— PROBLEM DESCRIPTION —
If a line in the records below contains the word "auto", return that line.
##########
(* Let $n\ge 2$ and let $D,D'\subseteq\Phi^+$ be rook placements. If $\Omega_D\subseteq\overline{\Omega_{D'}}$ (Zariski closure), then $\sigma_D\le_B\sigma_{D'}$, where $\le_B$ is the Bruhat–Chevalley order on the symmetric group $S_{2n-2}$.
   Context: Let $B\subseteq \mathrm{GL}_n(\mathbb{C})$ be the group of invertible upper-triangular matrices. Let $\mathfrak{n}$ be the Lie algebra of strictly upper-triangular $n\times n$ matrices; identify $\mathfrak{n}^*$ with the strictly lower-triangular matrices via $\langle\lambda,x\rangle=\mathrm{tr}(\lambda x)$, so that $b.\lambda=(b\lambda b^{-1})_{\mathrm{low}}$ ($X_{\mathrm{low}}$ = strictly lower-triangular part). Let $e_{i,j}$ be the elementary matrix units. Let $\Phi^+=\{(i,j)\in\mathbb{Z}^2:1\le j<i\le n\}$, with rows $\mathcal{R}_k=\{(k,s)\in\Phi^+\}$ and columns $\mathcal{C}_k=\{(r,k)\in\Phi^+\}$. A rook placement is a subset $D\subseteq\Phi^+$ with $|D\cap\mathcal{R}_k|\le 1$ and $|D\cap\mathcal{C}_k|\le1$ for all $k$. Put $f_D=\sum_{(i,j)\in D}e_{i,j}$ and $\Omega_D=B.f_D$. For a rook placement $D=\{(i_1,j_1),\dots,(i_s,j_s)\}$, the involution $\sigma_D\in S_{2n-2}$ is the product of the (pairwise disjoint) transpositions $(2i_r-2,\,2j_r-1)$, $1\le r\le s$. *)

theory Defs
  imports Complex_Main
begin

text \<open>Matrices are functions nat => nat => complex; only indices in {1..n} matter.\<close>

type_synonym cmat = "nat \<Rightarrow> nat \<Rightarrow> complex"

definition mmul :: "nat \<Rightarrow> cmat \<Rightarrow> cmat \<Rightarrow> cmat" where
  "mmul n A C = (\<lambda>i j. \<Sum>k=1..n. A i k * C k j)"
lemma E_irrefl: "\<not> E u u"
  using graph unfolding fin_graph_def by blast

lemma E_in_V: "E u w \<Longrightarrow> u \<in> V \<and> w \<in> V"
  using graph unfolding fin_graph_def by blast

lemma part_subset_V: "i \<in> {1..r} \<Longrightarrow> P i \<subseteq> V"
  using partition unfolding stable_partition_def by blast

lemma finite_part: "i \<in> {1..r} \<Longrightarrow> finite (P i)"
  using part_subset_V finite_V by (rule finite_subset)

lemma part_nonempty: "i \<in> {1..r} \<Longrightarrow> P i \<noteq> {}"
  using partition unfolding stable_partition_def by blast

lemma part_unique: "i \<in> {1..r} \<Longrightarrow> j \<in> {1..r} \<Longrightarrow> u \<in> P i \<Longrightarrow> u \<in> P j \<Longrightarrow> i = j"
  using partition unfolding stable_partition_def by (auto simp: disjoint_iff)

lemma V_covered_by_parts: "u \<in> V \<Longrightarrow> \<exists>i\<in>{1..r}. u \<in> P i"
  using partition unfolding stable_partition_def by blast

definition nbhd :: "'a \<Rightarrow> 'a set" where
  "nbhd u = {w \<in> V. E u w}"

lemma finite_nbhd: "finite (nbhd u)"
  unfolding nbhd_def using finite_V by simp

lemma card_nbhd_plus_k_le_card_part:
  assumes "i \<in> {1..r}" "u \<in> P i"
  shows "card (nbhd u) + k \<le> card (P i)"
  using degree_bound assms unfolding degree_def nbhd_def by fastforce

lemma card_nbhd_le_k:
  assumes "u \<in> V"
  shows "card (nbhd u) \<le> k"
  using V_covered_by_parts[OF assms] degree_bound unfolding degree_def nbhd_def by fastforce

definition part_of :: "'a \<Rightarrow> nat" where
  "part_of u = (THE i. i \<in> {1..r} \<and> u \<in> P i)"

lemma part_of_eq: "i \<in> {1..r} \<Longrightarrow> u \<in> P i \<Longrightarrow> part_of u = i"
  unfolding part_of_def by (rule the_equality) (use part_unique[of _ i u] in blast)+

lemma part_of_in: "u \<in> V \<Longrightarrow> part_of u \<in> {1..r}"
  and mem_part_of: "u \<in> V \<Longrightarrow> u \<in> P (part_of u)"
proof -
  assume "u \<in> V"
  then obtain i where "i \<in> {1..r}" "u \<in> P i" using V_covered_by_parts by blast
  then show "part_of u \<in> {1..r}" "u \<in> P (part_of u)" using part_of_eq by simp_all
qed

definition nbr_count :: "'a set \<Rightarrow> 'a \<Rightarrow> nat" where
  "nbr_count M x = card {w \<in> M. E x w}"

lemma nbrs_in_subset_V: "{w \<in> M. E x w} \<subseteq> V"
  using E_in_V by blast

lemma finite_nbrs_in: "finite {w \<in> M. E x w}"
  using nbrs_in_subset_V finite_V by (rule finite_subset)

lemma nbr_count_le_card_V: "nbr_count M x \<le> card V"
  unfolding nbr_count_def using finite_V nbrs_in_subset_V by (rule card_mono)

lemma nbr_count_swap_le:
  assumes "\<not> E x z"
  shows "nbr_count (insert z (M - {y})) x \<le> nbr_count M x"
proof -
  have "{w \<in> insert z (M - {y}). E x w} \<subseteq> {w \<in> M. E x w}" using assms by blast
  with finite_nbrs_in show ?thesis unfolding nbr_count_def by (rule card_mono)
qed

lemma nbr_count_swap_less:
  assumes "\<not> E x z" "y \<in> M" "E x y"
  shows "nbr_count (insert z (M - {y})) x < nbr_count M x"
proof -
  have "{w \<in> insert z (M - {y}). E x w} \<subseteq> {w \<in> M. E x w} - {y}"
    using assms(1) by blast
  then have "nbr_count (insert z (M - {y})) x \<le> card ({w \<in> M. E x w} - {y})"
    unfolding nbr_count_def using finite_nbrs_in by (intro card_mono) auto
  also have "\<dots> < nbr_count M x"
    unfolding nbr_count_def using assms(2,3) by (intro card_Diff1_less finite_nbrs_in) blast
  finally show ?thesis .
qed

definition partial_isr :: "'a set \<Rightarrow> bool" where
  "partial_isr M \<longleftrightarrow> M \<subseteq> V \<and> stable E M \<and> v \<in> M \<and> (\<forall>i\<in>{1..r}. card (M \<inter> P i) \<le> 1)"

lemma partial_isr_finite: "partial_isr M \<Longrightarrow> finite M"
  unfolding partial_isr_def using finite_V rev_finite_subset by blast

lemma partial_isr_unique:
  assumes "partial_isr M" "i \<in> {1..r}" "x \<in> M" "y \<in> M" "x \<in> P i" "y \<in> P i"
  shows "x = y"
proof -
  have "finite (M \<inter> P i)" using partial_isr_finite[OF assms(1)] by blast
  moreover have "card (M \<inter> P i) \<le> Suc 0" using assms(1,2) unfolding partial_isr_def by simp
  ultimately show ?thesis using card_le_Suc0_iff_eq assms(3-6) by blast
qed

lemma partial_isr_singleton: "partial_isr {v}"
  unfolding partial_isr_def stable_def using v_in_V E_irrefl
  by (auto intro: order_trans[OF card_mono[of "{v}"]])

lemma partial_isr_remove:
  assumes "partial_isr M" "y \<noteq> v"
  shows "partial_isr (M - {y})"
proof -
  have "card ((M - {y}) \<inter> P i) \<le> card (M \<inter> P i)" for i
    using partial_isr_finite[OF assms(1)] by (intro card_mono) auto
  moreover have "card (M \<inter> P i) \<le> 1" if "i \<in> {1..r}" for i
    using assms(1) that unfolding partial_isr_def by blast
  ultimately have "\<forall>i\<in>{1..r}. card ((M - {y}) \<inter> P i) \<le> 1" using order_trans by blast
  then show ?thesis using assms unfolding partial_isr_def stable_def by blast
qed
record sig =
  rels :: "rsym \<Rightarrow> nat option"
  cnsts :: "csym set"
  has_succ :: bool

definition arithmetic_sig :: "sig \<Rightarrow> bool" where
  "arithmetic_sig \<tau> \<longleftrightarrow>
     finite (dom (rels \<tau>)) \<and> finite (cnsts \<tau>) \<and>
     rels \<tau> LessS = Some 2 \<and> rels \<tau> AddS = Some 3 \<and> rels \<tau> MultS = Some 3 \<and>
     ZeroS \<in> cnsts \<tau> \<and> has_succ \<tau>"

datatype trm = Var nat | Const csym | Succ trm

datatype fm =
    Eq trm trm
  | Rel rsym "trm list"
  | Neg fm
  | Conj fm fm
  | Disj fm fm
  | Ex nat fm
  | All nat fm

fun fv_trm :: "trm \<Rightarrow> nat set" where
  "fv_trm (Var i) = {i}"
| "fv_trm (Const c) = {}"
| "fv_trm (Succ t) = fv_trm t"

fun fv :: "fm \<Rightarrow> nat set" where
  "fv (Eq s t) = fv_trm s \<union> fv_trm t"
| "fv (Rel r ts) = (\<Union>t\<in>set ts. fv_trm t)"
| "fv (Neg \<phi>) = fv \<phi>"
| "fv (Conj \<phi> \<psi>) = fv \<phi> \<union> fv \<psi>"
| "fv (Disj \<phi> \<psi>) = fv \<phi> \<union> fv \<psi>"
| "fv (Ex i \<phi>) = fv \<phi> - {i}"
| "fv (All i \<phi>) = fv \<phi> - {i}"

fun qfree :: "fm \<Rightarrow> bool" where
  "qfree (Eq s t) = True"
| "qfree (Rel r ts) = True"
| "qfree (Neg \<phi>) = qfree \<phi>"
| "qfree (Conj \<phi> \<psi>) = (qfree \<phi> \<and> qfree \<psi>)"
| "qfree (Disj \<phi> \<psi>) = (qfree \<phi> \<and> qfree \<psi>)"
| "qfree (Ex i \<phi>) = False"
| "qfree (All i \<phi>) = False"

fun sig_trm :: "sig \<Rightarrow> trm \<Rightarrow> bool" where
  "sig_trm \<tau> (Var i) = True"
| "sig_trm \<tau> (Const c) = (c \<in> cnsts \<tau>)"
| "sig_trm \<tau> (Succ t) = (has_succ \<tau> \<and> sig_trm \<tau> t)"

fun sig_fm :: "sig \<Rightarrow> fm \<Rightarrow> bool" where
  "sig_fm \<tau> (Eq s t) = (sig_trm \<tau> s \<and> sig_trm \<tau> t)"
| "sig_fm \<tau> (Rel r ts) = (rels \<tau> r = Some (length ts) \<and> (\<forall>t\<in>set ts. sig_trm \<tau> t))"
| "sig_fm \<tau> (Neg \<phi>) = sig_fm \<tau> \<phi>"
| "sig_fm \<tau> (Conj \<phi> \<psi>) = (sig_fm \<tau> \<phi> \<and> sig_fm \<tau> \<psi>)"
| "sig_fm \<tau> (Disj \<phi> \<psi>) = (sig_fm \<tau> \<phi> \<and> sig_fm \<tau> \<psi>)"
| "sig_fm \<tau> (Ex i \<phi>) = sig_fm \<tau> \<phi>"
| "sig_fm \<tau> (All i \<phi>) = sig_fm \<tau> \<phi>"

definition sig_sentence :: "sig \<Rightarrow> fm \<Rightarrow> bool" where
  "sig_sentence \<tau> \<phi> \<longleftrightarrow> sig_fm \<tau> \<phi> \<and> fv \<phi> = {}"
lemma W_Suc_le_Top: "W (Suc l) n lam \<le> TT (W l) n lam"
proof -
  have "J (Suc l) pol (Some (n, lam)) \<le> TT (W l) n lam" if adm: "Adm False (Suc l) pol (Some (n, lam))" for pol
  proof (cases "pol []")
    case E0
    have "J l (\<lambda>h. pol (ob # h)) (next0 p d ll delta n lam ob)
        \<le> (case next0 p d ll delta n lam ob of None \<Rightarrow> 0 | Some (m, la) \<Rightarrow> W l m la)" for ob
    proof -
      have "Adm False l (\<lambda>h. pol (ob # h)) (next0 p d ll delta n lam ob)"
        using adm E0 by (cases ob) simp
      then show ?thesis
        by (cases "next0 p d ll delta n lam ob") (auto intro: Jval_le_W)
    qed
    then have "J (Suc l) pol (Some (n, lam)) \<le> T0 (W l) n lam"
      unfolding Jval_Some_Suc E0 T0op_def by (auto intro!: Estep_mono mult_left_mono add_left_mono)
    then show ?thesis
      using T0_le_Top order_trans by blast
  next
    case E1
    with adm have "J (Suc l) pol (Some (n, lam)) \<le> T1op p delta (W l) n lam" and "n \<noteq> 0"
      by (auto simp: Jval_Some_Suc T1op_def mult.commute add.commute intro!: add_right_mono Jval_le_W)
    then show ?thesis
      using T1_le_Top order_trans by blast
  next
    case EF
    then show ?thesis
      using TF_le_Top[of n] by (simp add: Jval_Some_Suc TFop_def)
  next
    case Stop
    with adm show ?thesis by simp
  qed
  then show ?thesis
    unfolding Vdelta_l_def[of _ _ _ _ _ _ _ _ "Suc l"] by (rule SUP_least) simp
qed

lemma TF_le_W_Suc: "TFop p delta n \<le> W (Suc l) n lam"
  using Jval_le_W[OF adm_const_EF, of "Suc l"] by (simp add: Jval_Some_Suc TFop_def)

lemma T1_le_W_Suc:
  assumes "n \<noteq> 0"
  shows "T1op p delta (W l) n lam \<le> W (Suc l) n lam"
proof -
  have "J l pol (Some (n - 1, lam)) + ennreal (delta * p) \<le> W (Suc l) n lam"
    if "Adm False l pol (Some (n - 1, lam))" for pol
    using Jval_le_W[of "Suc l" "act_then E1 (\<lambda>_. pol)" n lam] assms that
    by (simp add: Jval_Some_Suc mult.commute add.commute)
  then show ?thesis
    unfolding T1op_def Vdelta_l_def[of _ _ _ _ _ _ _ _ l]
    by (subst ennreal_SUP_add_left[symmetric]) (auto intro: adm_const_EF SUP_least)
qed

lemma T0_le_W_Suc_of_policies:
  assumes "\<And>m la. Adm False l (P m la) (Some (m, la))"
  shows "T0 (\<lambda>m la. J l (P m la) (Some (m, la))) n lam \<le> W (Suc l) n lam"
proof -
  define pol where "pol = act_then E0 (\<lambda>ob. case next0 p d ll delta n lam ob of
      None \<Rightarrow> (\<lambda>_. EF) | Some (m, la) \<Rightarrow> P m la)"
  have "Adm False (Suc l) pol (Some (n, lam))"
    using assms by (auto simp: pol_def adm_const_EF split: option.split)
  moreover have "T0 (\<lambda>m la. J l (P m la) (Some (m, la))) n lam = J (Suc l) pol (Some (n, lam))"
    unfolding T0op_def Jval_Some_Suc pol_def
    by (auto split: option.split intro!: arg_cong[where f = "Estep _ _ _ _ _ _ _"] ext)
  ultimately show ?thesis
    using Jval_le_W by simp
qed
##########
— PROBLEM SOLUTION —
  using partition unfolding stable_partition_def by (auto simp: disjoint_iff)
    unfolding nbr_count_def using finite_nbrs_in by (intro card_mono) auto
  by (auto intro: order_trans[OF card_mono[of "{v}"]])
    using partial_isr_finite[OF assms(1)] by (intro card_mono) auto
        by (cases "next0 p d ll delta n lam ob") (auto intro: Jval_le_W)
      unfolding Jval_Some_Suc E0 T0op_def by (auto intro!: Estep_mono mult_left_mono add_left_mono)
      by (auto simp: Jval_Some_Suc T1op_def mult.commute add.commute intro!: add_right_mono Jval_le_W)
    by (subst ennreal_SUP_add_left[symmetric]) (auto intro: adm_const_EF SUP_least)
    using assms by (auto simp: pol_def adm_const_EF split: option.split)
    by (auto split: option.split intro!: arg_cong[where f = "Estep _ _ _ _ _ _ _"] ext)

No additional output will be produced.